▶ THE PROBLEM
Below are some records; output exactly the lines from the line with "unfolding P_def V_def" to the line with "with len_P obtain", both ends kept, and nothing more.

**** EXERCISE INPUTS

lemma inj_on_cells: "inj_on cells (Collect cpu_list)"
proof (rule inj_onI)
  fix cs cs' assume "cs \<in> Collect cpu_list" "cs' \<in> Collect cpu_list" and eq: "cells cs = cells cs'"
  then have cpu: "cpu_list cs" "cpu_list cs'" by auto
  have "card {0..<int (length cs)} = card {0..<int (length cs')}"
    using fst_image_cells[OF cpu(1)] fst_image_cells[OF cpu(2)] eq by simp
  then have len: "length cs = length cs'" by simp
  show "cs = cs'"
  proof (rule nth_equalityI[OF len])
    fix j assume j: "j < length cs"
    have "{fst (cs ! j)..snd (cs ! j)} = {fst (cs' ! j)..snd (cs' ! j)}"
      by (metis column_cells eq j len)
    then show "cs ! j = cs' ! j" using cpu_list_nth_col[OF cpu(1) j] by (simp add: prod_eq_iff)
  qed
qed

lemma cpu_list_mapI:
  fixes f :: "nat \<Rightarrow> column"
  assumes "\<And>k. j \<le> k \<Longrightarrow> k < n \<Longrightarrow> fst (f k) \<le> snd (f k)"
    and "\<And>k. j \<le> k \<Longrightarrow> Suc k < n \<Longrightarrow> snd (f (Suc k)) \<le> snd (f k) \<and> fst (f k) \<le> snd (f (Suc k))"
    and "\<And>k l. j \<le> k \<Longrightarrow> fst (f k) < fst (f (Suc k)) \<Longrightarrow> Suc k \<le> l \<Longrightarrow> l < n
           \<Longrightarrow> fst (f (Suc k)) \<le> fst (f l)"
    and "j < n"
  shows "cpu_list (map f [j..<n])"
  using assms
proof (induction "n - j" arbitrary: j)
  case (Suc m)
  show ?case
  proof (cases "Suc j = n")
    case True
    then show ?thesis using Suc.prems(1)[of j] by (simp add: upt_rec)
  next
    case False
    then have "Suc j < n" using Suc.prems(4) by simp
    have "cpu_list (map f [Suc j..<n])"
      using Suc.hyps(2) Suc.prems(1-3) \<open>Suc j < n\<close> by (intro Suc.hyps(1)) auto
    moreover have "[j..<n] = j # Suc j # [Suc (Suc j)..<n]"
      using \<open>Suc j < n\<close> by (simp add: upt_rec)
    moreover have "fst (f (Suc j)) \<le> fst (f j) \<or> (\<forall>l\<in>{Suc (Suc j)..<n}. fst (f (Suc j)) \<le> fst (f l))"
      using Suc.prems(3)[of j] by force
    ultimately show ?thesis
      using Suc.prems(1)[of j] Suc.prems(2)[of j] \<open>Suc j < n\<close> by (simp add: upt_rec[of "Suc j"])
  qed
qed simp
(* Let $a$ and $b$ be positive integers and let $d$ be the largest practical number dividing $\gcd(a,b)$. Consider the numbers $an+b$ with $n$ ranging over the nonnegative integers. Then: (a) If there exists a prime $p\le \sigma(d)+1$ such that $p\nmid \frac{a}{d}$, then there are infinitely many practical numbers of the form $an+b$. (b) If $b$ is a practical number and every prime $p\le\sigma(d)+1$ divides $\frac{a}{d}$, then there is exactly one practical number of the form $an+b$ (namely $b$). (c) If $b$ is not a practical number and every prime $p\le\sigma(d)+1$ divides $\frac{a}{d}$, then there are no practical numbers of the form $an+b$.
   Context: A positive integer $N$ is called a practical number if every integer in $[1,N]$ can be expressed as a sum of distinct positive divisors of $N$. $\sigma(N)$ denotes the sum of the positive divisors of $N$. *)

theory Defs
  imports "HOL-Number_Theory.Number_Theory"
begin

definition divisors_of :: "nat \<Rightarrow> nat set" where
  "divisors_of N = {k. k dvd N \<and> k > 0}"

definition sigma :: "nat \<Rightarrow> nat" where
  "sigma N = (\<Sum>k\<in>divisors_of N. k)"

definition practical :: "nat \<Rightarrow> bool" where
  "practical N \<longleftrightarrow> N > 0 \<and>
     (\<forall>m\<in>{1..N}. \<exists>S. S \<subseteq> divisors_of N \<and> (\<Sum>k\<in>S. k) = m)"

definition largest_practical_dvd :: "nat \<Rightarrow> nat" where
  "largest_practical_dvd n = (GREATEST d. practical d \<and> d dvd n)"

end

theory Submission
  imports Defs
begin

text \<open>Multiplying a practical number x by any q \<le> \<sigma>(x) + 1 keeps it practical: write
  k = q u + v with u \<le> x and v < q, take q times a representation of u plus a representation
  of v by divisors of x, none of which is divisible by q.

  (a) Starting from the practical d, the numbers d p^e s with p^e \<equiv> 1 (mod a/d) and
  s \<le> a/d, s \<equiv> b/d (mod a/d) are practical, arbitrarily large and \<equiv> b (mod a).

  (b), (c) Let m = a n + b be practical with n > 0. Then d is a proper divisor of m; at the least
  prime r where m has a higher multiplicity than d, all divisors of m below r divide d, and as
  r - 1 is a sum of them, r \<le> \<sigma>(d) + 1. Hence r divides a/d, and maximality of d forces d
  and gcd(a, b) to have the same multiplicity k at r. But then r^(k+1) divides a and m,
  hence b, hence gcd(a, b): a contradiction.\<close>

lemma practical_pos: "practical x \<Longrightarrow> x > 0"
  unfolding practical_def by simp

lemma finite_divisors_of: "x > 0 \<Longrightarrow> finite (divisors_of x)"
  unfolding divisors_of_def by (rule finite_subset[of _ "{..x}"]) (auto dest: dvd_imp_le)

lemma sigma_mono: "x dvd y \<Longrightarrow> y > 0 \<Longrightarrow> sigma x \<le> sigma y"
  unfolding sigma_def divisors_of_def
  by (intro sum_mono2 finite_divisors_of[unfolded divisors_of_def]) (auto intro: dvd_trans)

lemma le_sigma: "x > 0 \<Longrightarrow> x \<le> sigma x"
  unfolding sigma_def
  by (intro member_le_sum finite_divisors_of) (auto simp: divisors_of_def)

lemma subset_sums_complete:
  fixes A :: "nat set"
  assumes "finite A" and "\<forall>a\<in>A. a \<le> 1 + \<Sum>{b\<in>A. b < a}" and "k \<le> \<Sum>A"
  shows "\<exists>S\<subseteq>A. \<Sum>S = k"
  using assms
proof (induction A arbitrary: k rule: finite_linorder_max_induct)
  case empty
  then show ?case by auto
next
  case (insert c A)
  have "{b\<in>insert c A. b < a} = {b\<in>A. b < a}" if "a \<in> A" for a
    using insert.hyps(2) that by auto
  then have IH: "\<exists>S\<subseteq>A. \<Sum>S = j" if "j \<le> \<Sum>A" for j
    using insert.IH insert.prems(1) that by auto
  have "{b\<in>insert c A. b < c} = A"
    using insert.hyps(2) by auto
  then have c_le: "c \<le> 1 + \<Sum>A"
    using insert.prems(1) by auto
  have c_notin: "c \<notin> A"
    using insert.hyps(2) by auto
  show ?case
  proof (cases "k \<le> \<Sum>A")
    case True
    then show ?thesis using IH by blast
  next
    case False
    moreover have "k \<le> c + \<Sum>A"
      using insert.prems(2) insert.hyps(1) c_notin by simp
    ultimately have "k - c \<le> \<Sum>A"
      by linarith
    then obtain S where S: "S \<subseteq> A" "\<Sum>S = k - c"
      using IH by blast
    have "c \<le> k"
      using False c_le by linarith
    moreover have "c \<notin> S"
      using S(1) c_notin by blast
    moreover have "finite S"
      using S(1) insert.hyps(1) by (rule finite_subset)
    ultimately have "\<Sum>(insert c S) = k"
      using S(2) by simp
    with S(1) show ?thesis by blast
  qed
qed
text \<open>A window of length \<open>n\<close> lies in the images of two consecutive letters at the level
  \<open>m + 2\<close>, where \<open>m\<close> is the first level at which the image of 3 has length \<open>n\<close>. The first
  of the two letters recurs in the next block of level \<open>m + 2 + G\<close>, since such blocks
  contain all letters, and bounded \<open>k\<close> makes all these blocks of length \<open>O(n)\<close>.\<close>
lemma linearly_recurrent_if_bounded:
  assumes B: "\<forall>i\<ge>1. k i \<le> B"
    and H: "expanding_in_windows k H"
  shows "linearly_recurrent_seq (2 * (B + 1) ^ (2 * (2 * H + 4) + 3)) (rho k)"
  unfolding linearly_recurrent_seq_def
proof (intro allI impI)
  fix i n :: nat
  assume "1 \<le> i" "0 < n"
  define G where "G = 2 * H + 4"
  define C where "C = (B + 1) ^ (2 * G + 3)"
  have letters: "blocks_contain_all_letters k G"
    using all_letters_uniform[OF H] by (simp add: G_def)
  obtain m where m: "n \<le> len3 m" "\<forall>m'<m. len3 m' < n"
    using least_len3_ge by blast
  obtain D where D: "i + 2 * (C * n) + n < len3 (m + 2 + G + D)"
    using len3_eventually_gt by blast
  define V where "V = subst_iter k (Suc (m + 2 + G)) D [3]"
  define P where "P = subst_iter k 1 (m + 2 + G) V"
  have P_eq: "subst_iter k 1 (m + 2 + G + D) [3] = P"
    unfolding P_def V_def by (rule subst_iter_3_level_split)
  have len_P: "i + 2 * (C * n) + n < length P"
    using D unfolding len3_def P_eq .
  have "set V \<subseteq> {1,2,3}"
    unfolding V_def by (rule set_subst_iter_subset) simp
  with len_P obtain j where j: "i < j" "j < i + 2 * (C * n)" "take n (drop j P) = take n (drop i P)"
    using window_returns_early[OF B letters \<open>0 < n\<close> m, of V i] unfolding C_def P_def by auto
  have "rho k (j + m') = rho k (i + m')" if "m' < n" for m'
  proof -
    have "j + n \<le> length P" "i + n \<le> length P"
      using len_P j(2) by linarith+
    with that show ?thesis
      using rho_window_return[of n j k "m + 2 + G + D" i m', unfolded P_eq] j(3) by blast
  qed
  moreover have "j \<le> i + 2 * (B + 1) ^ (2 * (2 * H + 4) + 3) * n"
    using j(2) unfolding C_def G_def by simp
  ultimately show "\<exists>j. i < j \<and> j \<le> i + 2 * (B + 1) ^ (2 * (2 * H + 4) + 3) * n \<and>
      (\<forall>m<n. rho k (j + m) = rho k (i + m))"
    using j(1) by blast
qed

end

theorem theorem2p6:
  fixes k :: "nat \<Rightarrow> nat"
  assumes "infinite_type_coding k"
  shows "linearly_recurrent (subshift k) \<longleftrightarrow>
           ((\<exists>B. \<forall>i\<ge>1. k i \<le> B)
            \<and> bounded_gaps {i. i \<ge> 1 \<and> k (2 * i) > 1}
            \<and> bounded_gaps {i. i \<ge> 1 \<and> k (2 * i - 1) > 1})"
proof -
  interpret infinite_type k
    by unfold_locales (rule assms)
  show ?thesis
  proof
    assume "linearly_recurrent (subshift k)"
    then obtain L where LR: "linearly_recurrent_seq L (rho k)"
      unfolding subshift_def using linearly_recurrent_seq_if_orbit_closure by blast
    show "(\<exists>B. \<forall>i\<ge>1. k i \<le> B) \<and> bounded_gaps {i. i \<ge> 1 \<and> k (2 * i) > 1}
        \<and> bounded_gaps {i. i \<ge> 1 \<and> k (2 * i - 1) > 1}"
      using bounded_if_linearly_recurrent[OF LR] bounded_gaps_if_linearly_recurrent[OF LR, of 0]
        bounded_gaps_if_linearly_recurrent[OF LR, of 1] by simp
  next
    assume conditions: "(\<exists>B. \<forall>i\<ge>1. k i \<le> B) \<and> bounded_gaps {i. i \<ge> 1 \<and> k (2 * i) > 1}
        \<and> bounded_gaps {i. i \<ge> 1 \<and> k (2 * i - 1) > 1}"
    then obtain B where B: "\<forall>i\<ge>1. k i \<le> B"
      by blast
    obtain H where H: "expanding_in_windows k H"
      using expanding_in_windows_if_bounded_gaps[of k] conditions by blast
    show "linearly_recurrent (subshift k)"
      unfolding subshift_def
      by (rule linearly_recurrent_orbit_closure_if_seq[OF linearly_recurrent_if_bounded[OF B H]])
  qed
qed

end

********

▶ RESPONSE BELOW
    unfolding P_def V_def by (rule subst_iter_3_level_split)
  have len_P: "i + 2 * (C * n) + n < length P"
    using D unfolding len3_def P_eq .
  have "set V \<subseteq> {1,2,3}"
    unfolding V_def by (rule set_subst_iter_subset) simp
  with len_P obtain j where j: "i < j" "j < i + 2 * (C * n)" "take n (drop j P) = take n (drop i P)"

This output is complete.